Required action: Can you reproduce the data beneath, keeping every line exact?

**** Records provided

(* Let $d\ge 1$, $\sigma>0$, and let $L$ be the operator on $C^2(\mathbb{R}^d\times\mathbb{R}^d)$ given by \[(Lf)(p,\xi)=\sum_{j=1}^d p_j\frac{\partial f}{\partial \xi_j}(p,\xi)+\frac{\sigma^2}{2}\Delta_p f(p,\xi),\qquad p,\xi\in\mathbb{R}^d .\] For $\alpha\in\mathbb{R}$ and $\beta\ge 0$ define, for smooth $f,g$, \[\Gamma^{\alpha,\beta}(f,g)=\sum_{i=1}^d\Big(\frac{\partial f}{\partial p_i}-\alpha\frac{\partial f}{\partial \xi_i}\Big)\Big(\frac{\partial g}{\partial p_i}-\alpha\frac{\partial g}{\partial \xi_i}\Big)+\beta\sum_{i=1}^d\frac{\partial f}{\partial \xi_i}\frac{\partial g}{\partial \xi_i},\] $\Gamma^{\alpha,\beta}(f)=\Gamma^{\alpha,\beta}(f,f)$, and $\Gamma_2^{\alpha,\beta}(f)=\frac12 L\Gamma^{\alpha,\beta}(f)-\Gamma^{\alpha,\beta}(f,Lf)$. Then for every $f\in C^\infty(\mathbb{R}^d\times\mathbb{R}^d)$, \[\Gamma_2^{\alpha,\beta}(f)\ge \alpha\|\nabla_\xi f\|^2-\langle\nabla_\xi f,\nabla_p f\rangle .\]
   Context: $\Delta_p$ denotes the Laplacian on $\mathbb{R}^d$ acting in the variable $p$; $\nabla_p$, $\nabla_\xi$ denote the Euclidean gradients in the variables $p$ and $\xi$; $\|\cdot\|$ and $\langle\cdot,\cdot\rangle$ are the Euclidean norm and inner product on $\mathbb{R}^d$. *)

theory Defs
  imports "HOL-Analysis.Analysis"
begin

type_synonym 'n phase = "(real^'n) \<times> (real^'n)"

fun Ck :: "nat \<Rightarrow> ('a::euclidean_space \<Rightarrow> real) \<Rightarrow> bool" where
  "Ck 0 g = continuous_on UNIV g"
| "Ck (Suc k) g = (g differentiable_on UNIV \<and>
      (\<forall>v. Ck k (\<lambda>x. frechet_derivative g (at x) v)))"

definition smooth :: "('a::euclidean_space \<Rightarrow> real) \<Rightarrow> bool" where
  "smooth g \<longleftrightarrow> (\<forall>k. Ck k g)"

definition dp :: "'n::finite \<Rightarrow> ('n phase \<Rightarrow> real) \<Rightarrow> 'n phase \<Rightarrow> real" where
  "dp i f x = frechet_derivative f (at x) (axis i 1, 0)"

definition dxi :: "'n::finite \<Rightarrow> ('n phase \<Rightarrow> real) \<Rightarrow> 'n phase \<Rightarrow> real" where
  "dxi i f x = frechet_derivative f (at x) (0, axis i 1)"

definition Lop :: "real \<Rightarrow> ('n::finite phase \<Rightarrow> real) \<Rightarrow> 'n phase \<Rightarrow> real" where
  "Lop \<sigma> f x = (\<Sum>j\<in>UNIV. (fst x $ j) * dxi j f x)
                 + \<sigma>\<^sup>2 / 2 * (\<Sum>j\<in>UNIV. dp j (dp j f) x)"

definition Gam :: "real \<Rightarrow> real \<Rightarrow> ('n::finite phase \<Rightarrow> real) \<Rightarrow> ('n phase \<Rightarrow> real) \<Rightarrow> 'n phase \<Rightarrow> real" where
  "Gam \<alpha> \<beta> f g x = (\<Sum>i\<in>UNIV. (dp i f x - \<alpha> * dxi i f x) * (dp i g x - \<alpha> * dxi i g x))
                     + \<beta> * (\<Sum>i\<in>UNIV. dxi i f x * dxi i g x)"

definition Gam2 :: "real \<Rightarrow> real \<Rightarrow> real \<Rightarrow> ('n::finite phase \<Rightarrow> real) \<Rightarrow> 'n phase \<Rightarrow> real" where
  "Gam2 \<sigma> \<alpha> \<beta> f x = 1/2 * Lop \<sigma> (Gam \<alpha> \<beta> f f) x - Gam \<alpha> \<beta> f (Lop \<sigma> f) x"

definition grad_p :: "('n::finite phase \<Rightarrow> real) \<Rightarrow> 'n phase \<Rightarrow> real^'n" where
  "grad_p f x = (\<chi> i. dp i f x)"

definition grad_xi :: "('n::finite phase \<Rightarrow> real) \<Rightarrow> 'n phase \<Rightarrow> real^'n" where
  "grad_xi f x = (\<chi> i. dxi i f x)"

end
lemma optimal_critical_profile_exists:
  assumes "\<exists>t. timing_profile len p t"
  shows "\<exists>t. optimal_profile len Iv p t \<and> (\<forall>i < length p - 1. t i \<in> critical_times len Iv p i)"
proof -
  let ?k = "length p - 1" and ?C = "critical_times len Iv p"
  \<comment> \<open>Profiles are arbitrary beyond position k - 1; restricting them there makes the set
    of critical profiles finite.\<close>
  define S where "S = {t \<in> PiE {..<?k} ?C. timing_profile len p t}"
  have "finite (?C i)" for i
    unfolding critical_times_eq using finite_critical_slacks[of p Iv, OF finite_intervals] by simp
  then have "finite S"
    unfolding S_def by (auto intro: finite_subset[OF _ finite_PiE])
  have dominated: "\<exists>t'\<in>S. reward Iv p t \<le> reward Iv p t'" if t: "timing_profile len p t" for t
  proof -
    obtain t' where t': "timing_profile len p t'" "reward Iv p t \<le> reward Iv p t'"
      "\<forall>i < ?k. t' i \<in> ?C i"
      using critical_profile_ge[OF t] by blast
    then have "restrict t' {..<?k} \<in> S"
      unfolding S_def using timing_profile_restrict[OF len_p] by auto
    with t'(2) show ?thesis
      using reward_restrict by metis
  qed
  with assms have "S \<noteq> {}"
    by blast
  then have "Max (reward Iv p ` S) \<in> reward Iv p ` S"
    using \<open>finite S\<close> by (intro Max_in) auto
  then obtain t where "t \<in> S" "reward Iv p t = Max (reward Iv p ` S)"
    by auto
  then have maximal: "reward Iv p t' \<le> reward Iv p t" if "t' \<in> S" for t'
    using \<open>finite S\<close> that by simp
  have "optimal_profile len Iv p t"
    unfolding optimal_profile_def
  proof (intro conjI allI impI)
    show "timing_profile len p t"
      using \<open>t \<in> S\<close> unfolding S_def by simp
  next
    fix t' assume "timing_profile len p t'"
    then obtain t'' where "t'' \<in> S" "reward Iv p t' \<le> reward Iv p t''"
      using dominated by blast
    then show "reward Iv p t' \<le> reward Iv p t"
      using maximal order_trans by blast
  qed
  with \<open>t \<in> S\<close> show ?thesis
    unfolding S_def by auto
qed

end

theorem theorem1:
  fixes V :: "'v set" and E :: "('v \<times> 'v) set" and len :: "'v \<Rightarrow> 'v \<Rightarrow> real"
    and Iv :: "'v \<Rightarrow> (real \<times> real) set" and p :: "'v list"
  assumes "task_assistance_graph V E len Iv"
    and "is_path V E p"
    and "length p \<ge> 2"
    and "\<exists>t. timing_profile len p t"
  shows "\<exists>t. optimal_profile len Iv p t \<and>
           (\<forall>i < length p - 1. t i \<in> critical_times len Iv p i)"
proof (rule optimal_critical_profile_exists)
  fix m assume "m < length p"
  then have "p ! m \<in> V"
    using assms(2) unfolding is_path_def by (auto dest: nth_mem)
  then show "finite (Iv (p ! m))"
    using assms(1) unfolding task_assistance_graph_def by blast
qed (use assms in auto)

end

********

Output below:
(* Let $d\ge 1$, $\sigma>0$, and let $L$ be the operator on $C^2(\mathbb{R}^d\times\mathbb{R}^d)$ given by \[(Lf)(p,\xi)=\sum_{j=1}^d p_j\frac{\partial f}{\partial \xi_j}(p,\xi)+\frac{\sigma^2}{2}\Delta_p f(p,\xi),\qquad p,\xi\in\mathbb{R}^d .\] For $\alpha\in\mathbb{R}$ and $\beta\ge 0$ define, for smooth $f,g$, \[\Gamma^{\alpha,\beta}(f,g)=\sum_{i=1}^d\Big(\frac{\partial f}{\partial p_i}-\alpha\frac{\partial f}{\partial \xi_i}\Big)\Big(\frac{\partial g}{\partial p_i}-\alpha\frac{\partial g}{\partial \xi_i}\Big)+\beta\sum_{i=1}^d\frac{\partial f}{\partial \xi_i}\frac{\partial g}{\partial \xi_i},\] $\Gamma^{\alpha,\beta}(f)=\Gamma^{\alpha,\beta}(f,f)$, and $\Gamma_2^{\alpha,\beta}(f)=\frac12 L\Gamma^{\alpha,\beta}(f)-\Gamma^{\alpha,\beta}(f,Lf)$. Then for every $f\in C^\infty(\mathbb{R}^d\times\mathbb{R}^d)$, \[\Gamma_2^{\alpha,\beta}(f)\ge \alpha\|\nabla_\xi f\|^2-\langle\nabla_\xi f,\nabla_p f\rangle .\]
   Context: $\Delta_p$ denotes the Laplacian on $\mathbb{R}^d$ acting in the variable $p$; $\nabla_p$, $\nabla_\xi$ denote the Euclidean gradients in the variables $p$ and $\xi$; $\|\cdot\|$ and $\langle\cdot,\cdot\rangle$ are the Euclidean norm and inner product on $\mathbb{R}^d$. *)

theory Defs
  imports "HOL-Analysis.Analysis"
begin

type_synonym 'n phase = "(real^'n) \<times> (real^'n)"

fun Ck :: "nat \<Rightarrow> ('a::euclidean_space \<Rightarrow> real) \<Rightarrow> bool" where
  "Ck 0 g = continuous_on UNIV g"
| "Ck (Suc k) g = (g differentiable_on UNIV \<and>
      (\<forall>v. Ck k (\<lambda>x. frechet_derivative g (at x) v)))"

definition smooth :: "('a::euclidean_space \<Rightarrow> real) \<Rightarrow> bool" where
  "smooth g \<longleftrightarrow> (\<forall>k. Ck k g)"

definition dp :: "'n::finite \<Rightarrow> ('n phase \<Rightarrow> real) \<Rightarrow> 'n phase \<Rightarrow> real" where
  "dp i f x = frechet_derivative f (at x) (axis i 1, 0)"

definition dxi :: "'n::finite \<Rightarrow> ('n phase \<Rightarrow> real) \<Rightarrow> 'n phase \<Rightarrow> real" where
  "dxi i f x = frechet_derivative f (at x) (0, axis i 1)"

definition Lop :: "real \<Rightarrow> ('n::finite phase \<Rightarrow> real) \<Rightarrow> 'n phase \<Rightarrow> real" where
  "Lop \<sigma> f x = (\<Sum>j\<in>UNIV. (fst x $ j) * dxi j f x)
                 + \<sigma>\<^sup>2 / 2 * (\<Sum>j\<in>UNIV. dp j (dp j f) x)"

definition Gam :: "real \<Rightarrow> real \<Rightarrow> ('n::finite phase \<Rightarrow> real) \<Rightarrow> ('n phase \<Rightarrow> real) \<Rightarrow> 'n phase \<Rightarrow> real" where
  "Gam \<alpha> \<beta> f g x = (\<Sum>i\<in>UNIV. (dp i f x - \<alpha> * dxi i f x) * (dp i g x - \<alpha> * dxi i g x))
                     + \<beta> * (\<Sum>i\<in>UNIV. dxi i f x * dxi i g x)"

definition Gam2 :: "real \<Rightarrow> real \<Rightarrow> real \<Rightarrow> ('n::finite phase \<Rightarrow> real) \<Rightarrow> 'n phase \<Rightarrow> real" where
  "Gam2 \<sigma> \<alpha> \<beta> f x = 1/2 * Lop \<sigma> (Gam \<alpha> \<beta> f f) x - Gam \<alpha> \<beta> f (Lop \<sigma> f) x"

definition grad_p :: "('n::finite phase \<Rightarrow> real) \<Rightarrow> 'n phase \<Rightarrow> real^'n" where
  "grad_p f x = (\<chi> i. dp i f x)"

definition grad_xi :: "('n::finite phase \<Rightarrow> real) \<Rightarrow> 'n phase \<Rightarrow> real^'n" where
  "grad_xi f x = (\<chi> i. dxi i f x)"

end
lemma optimal_critical_profile_exists:
  assumes "\<exists>t. timing_profile len p t"
  shows "\<exists>t. optimal_profile len Iv p t \<and> (\<forall>i < length p - 1. t i \<in> critical_times len Iv p i)"
proof -
  let ?k = "length p - 1" and ?C = "critical_times len Iv p"
  \<comment> \<open>Profiles are arbitrary beyond position k - 1; restricting them there makes the set
    of critical profiles finite.\<close>
  define S where "S = {t \<in> PiE {..<?k} ?C. timing_profile len p t}"
  have "finite (?C i)" for i
    unfolding critical_times_eq using finite_critical_slacks[of p Iv, OF finite_intervals] by simp
  then have "finite S"
    unfolding S_def by (auto intro: finite_subset[OF _ finite_PiE])
  have dominated: "\<exists>t'\<in>S. reward Iv p t \<le> reward Iv p t'" if t: "timing_profile len p t" for t
  proof -
    obtain t' where t': "timing_profile len p t'" "reward Iv p t \<le> reward Iv p t'"
      "\<forall>i < ?k. t' i \<in> ?C i"
      using critical_profile_ge[OF t] by blast
    then have "restrict t' {..<?k} \<in> S"
      unfolding S_def using timing_profile_restrict[OF len_p] by auto
    with t'(2) show ?thesis
      using reward_restrict by metis
  qed
  with assms have "S \<noteq> {}"
    by blast
  then have "Max (reward Iv p ` S) \<in> reward Iv p ` S"
    using \<open>finite S\<close> by (intro Max_in) auto
  then obtain t where "t \<in> S" "reward Iv p t = Max (reward Iv p ` S)"
    by auto
  then have maximal: "reward Iv p t' \<le> reward Iv p t" if "t' \<in> S" for t'
    using \<open>finite S\<close> that by simp
  have "optimal_profile len Iv p t"
    unfolding optimal_profile_def
  proof (intro conjI allI impI)
    show "timing_profile len p t"
      using \<open>t \<in> S\<close> unfolding S_def by simp
  next
    fix t' assume "timing_profile len p t'"
    then obtain t'' where "t'' \<in> S" "reward Iv p t' \<le> reward Iv p t''"
      using dominated by blast
    then show "reward Iv p t' \<le> reward Iv p t"
      using maximal order_trans by blast
  qed
  with \<open>t \<in> S\<close> show ?thesis
    unfolding S_def by auto
qed

end

theorem theorem1:
  fixes V :: "'v set" and E :: "('v \<times> 'v) set" and len :: "'v \<Rightarrow> 'v \<Rightarrow> real"
    and Iv :: "'v \<Rightarrow> (real \<times> real) set" and p :: "'v list"
  assumes "task_assistance_graph V E len Iv"
    and "is_path V E p"
    and "length p \<ge> 2"
    and "\<exists>t. timing_profile len p t"
  shows "\<exists>t. optimal_profile len Iv p t \<and>
           (\<forall>i < length p - 1. t i \<in> critical_times len Iv p i)"
proof (rule optimal_critical_profile_exists)
  fix m assume "m < length p"
  then have "p ! m \<in> V"
    using assms(2) unfolding is_path_def by (auto dest: nth_mem)
  then show "finite (Iv (p ! m))"
    using assms(1) unfolding task_assistance_graph_def by blast
qed (use assms in auto)

end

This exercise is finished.